§ **EXERCISE GOAL**
Looking at the listing below, retype exactly the lines starting at the one containing "by (rule binomial_fact_lemma) simp" and ending at the one containing "(* Let $\Omega\subset\mathbb", both included, and nothing else.
+ + + + + + +
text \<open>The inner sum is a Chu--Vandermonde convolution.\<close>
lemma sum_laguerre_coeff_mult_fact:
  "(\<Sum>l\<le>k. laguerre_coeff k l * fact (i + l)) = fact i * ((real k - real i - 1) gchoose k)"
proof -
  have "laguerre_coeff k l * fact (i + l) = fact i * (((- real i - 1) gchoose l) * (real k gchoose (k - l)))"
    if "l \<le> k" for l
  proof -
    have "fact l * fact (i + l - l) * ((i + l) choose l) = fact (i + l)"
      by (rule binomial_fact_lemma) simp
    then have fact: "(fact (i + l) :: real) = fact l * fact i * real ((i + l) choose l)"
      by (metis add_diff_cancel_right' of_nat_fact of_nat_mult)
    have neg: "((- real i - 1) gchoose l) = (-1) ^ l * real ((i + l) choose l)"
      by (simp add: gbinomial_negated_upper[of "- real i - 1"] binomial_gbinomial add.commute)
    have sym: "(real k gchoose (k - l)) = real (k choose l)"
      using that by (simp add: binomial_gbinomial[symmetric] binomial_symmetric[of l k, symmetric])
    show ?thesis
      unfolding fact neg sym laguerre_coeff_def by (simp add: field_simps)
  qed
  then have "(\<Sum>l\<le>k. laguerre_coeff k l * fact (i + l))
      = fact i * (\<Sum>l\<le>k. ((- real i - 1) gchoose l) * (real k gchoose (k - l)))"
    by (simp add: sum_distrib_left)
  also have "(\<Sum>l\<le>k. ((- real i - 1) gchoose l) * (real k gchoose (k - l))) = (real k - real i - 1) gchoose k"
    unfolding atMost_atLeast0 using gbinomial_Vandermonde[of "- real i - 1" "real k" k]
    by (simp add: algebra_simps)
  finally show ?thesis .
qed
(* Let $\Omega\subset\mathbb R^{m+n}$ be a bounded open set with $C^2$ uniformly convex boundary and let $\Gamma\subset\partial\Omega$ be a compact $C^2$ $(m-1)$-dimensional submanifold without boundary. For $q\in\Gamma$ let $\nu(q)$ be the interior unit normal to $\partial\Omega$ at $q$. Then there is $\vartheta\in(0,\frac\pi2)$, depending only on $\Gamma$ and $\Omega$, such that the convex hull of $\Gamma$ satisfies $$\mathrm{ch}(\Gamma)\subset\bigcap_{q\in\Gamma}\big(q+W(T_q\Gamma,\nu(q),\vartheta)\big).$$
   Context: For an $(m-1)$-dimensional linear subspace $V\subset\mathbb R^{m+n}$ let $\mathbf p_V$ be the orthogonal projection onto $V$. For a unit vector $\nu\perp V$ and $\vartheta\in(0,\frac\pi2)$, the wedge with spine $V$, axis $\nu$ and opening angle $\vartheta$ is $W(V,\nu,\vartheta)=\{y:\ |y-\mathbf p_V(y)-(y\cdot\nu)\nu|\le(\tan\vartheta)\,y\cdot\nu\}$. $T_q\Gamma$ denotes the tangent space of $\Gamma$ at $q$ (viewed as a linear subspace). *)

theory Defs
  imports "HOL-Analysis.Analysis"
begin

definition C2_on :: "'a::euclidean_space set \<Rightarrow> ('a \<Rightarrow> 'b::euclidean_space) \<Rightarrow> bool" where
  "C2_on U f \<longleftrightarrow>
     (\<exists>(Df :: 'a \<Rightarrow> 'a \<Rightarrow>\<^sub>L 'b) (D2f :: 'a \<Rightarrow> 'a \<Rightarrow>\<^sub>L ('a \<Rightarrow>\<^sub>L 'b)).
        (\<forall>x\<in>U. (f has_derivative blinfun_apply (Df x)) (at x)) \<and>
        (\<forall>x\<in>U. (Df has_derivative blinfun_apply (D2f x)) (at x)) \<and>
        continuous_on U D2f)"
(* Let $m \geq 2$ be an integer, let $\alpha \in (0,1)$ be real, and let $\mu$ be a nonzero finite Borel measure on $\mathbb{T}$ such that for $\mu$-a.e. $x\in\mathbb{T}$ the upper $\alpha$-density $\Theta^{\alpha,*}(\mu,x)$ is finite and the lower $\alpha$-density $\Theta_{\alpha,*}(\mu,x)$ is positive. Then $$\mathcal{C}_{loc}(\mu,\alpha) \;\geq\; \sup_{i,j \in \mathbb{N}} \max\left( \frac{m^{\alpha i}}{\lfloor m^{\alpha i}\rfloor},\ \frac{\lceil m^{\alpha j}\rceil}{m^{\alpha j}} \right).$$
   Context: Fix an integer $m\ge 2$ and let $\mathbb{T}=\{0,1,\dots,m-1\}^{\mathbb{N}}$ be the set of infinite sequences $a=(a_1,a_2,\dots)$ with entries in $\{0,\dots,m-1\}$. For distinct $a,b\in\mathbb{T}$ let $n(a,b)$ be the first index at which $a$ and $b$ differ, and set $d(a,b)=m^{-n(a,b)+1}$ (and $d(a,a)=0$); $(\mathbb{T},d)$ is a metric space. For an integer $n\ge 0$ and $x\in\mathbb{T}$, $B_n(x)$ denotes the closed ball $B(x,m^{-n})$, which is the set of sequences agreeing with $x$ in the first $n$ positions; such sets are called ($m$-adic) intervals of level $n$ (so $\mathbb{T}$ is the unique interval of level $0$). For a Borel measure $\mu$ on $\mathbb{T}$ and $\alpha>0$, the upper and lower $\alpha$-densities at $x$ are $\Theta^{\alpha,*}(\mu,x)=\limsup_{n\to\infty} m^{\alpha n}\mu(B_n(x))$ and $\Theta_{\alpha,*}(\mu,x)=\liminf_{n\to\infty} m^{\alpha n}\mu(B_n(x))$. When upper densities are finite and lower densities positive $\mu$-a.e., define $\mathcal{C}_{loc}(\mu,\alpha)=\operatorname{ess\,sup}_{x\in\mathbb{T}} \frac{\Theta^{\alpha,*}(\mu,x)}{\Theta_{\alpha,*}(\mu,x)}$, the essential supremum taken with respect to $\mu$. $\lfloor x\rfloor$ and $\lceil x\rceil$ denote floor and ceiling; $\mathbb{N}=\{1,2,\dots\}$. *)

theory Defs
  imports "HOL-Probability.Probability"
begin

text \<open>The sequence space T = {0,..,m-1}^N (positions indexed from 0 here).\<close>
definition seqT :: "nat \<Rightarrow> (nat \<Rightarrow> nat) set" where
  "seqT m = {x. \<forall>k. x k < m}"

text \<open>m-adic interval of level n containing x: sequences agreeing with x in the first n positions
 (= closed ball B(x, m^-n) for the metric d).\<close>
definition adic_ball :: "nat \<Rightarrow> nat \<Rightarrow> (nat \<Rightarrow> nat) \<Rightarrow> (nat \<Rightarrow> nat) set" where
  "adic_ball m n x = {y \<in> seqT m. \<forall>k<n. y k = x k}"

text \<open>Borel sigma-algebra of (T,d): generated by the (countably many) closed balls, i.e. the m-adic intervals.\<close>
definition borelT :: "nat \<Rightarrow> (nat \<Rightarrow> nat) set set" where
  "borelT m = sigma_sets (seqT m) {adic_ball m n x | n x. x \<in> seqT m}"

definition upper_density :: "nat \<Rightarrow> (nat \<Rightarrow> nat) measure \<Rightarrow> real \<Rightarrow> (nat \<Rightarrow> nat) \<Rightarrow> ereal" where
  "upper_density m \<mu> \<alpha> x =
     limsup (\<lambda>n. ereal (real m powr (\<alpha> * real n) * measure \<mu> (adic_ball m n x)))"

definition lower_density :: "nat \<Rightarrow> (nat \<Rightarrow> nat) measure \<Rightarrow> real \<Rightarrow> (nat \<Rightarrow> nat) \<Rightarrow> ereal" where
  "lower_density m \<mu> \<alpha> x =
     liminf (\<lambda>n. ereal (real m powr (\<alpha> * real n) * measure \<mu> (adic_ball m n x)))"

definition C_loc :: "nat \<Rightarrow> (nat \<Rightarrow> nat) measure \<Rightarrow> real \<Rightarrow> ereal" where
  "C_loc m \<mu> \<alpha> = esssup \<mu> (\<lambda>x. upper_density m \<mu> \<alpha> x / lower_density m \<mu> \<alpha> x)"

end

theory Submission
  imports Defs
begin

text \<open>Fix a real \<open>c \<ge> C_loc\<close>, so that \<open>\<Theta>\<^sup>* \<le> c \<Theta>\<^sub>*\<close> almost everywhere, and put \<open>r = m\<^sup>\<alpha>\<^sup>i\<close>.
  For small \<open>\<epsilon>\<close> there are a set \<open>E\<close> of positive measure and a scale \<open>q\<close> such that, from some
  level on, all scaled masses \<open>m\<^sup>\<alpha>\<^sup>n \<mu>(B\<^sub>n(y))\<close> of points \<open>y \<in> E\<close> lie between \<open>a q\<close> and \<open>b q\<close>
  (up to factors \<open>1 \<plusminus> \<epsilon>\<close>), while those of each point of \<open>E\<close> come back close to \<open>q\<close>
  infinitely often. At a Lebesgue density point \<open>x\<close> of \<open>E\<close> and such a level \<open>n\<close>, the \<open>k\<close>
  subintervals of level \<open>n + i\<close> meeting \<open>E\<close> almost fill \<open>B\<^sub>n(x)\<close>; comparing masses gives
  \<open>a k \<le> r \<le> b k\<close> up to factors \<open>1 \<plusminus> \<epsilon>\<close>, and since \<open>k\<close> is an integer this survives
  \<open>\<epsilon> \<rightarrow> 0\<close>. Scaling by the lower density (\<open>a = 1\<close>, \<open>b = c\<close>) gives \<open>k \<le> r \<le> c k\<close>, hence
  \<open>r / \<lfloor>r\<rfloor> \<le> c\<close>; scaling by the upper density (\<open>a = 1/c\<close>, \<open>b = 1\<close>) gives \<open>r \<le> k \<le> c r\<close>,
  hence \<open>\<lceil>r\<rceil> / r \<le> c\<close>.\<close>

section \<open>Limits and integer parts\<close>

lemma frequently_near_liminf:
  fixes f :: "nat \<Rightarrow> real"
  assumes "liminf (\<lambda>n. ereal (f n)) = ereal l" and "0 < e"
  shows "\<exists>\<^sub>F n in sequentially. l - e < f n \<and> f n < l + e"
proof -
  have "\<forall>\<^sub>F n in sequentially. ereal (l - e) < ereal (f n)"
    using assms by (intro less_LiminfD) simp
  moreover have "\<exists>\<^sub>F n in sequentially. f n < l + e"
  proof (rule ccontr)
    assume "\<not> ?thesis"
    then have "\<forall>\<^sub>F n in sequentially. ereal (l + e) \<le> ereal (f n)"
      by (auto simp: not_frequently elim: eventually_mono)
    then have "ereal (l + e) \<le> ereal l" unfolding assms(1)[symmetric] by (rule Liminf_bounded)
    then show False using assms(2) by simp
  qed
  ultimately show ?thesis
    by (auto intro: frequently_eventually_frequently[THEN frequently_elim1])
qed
+ + + + + + +
§ **OUTPUT FOR THIS TASK**
      by (rule binomial_fact_lemma) simp
    then have fact: "(fact (i + l) :: real) = fact l * fact i * real ((i + l) choose l)"
      by (metis add_diff_cancel_right' of_nat_fact of_nat_mult)
    have neg: "((- real i - 1) gchoose l) = (-1) ^ l * real ((i + l) choose l)"
      by (simp add: gbinomial_negated_upper[of "- real i - 1"] binomial_gbinomial add.commute)
    have sym: "(real k gchoose (k - l)) = real (k choose l)"
      using that by (simp add: binomial_gbinomial[symmetric] binomial_symmetric[of l k, symmetric])
    show ?thesis
      unfolding fact neg sym laguerre_coeff_def by (simp add: field_simps)
  qed
  then have "(\<Sum>l\<le>k. laguerre_coeff k l * fact (i + l))
      = fact i * (\<Sum>l\<le>k. ((- real i - 1) gchoose l) * (real k gchoose (k - l)))"
    by (simp add: sum_distrib_left)
  also have "(\<Sum>l\<le>k. ((- real i - 1) gchoose l) * (real k gchoose (k - l))) = (real k - real i - 1) gchoose k"
    unfolding atMost_atLeast0 using gbinomial_Vandermonde[of "- real i - 1" "real k" k]
    by (simp add: algebra_simps)
  finally show ?thesis .
qed
(* Let $\Omega\subset\mathbb R^{m+n}$ be a bounded open set with $C^2$ uniformly convex boundary and let $\Gamma\subset\partial\Omega$ be a compact $C^2$ $(m-1)$-dimensional submanifold without boundary. For $q\in\Gamma$ let $\nu(q)$ be the interior unit normal to $\partial\Omega$ at $q$. Then there is $\vartheta\in(0,\frac\pi2)$, depending only on $\Gamma$ and $\Omega$, such that the convex hull of $\Gamma$ satisfies $$\mathrm{ch}(\Gamma)\subset\bigcap_{q\in\Gamma}\big(q+W(T_q\Gamma,\nu(q),\vartheta)\big).$$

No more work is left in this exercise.